==== Supplied data

lemma card_gZ4_gZ4c: "card (gZ4 ` {0..<4} \<union> gZ4c ` {0..<4}) = 8"
proof -
  have "inj_on gZ4 {0..<4}"
  proof (rule inj_onI)
    fix a b assume "a \<in> {0..<4}" "gZ4 a = gZ4 b"
    then have "a < 4" "gZ4 a 0 a = gZ4 b 0 a"
      by simp_all
    then show "a = b"
      by (simp add: gZ4_def split: if_splits)
  qed
  moreover have "inj_on gZ4c {0..<4}"
  proof (rule inj_onI)
    fix a b assume "a \<in> {0..<4}" "gZ4c a = gZ4c b"
    then have "a < 4" "gZ4c a 0 a = gZ4c b 0 a"
      by simp_all
    then show "a = b"
      by (simp add: gZ4c_def gZ4_def split: if_splits)
  qed
  moreover have "gZ4 a \<noteq> gZ4c b" for a b
  proof -
    obtain k where "k < 4" "k \<noteq> a" "k \<noteq> b"
      using ex_less_4[of "\<lambda>k. k \<noteq> a \<and> k \<noteq> b"] by auto
    then have "gZ4 a 0 k \<noteq> gZ4c b 0 k"
      by (simp add: gZ4c_def gZ4_def)
    then show ?thesis
      by auto
  qed
  ultimately show ?thesis
    by (subst card_Un_disjoint) (auto simp: card_image)
qed

definition mat4 :: "'a list list \<Rightarrow> nat \<Rightarrow> nat \<Rightarrow> 'a::zero" where
  "mat4 L i j = (if i < 4 \<and> j < 4 then L ! i ! j else 0)"

definition metricA2 :: "bit \<Rightarrow> bit \<Rightarrow> bit \<Rightarrow> bit \<Rightarrow> nat \<Rightarrow> nat \<Rightarrow> bit" where
  "metricA2 a b c d = mat4 [[a, 0, 0, a], [0, b, c, d], [0, c, d, b], [a, d, b, a + c]]"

========

■ What this task involves
Among the lines above, some may hold the string "where". State how many, giving the number alone.

■ Answer to the exercise
3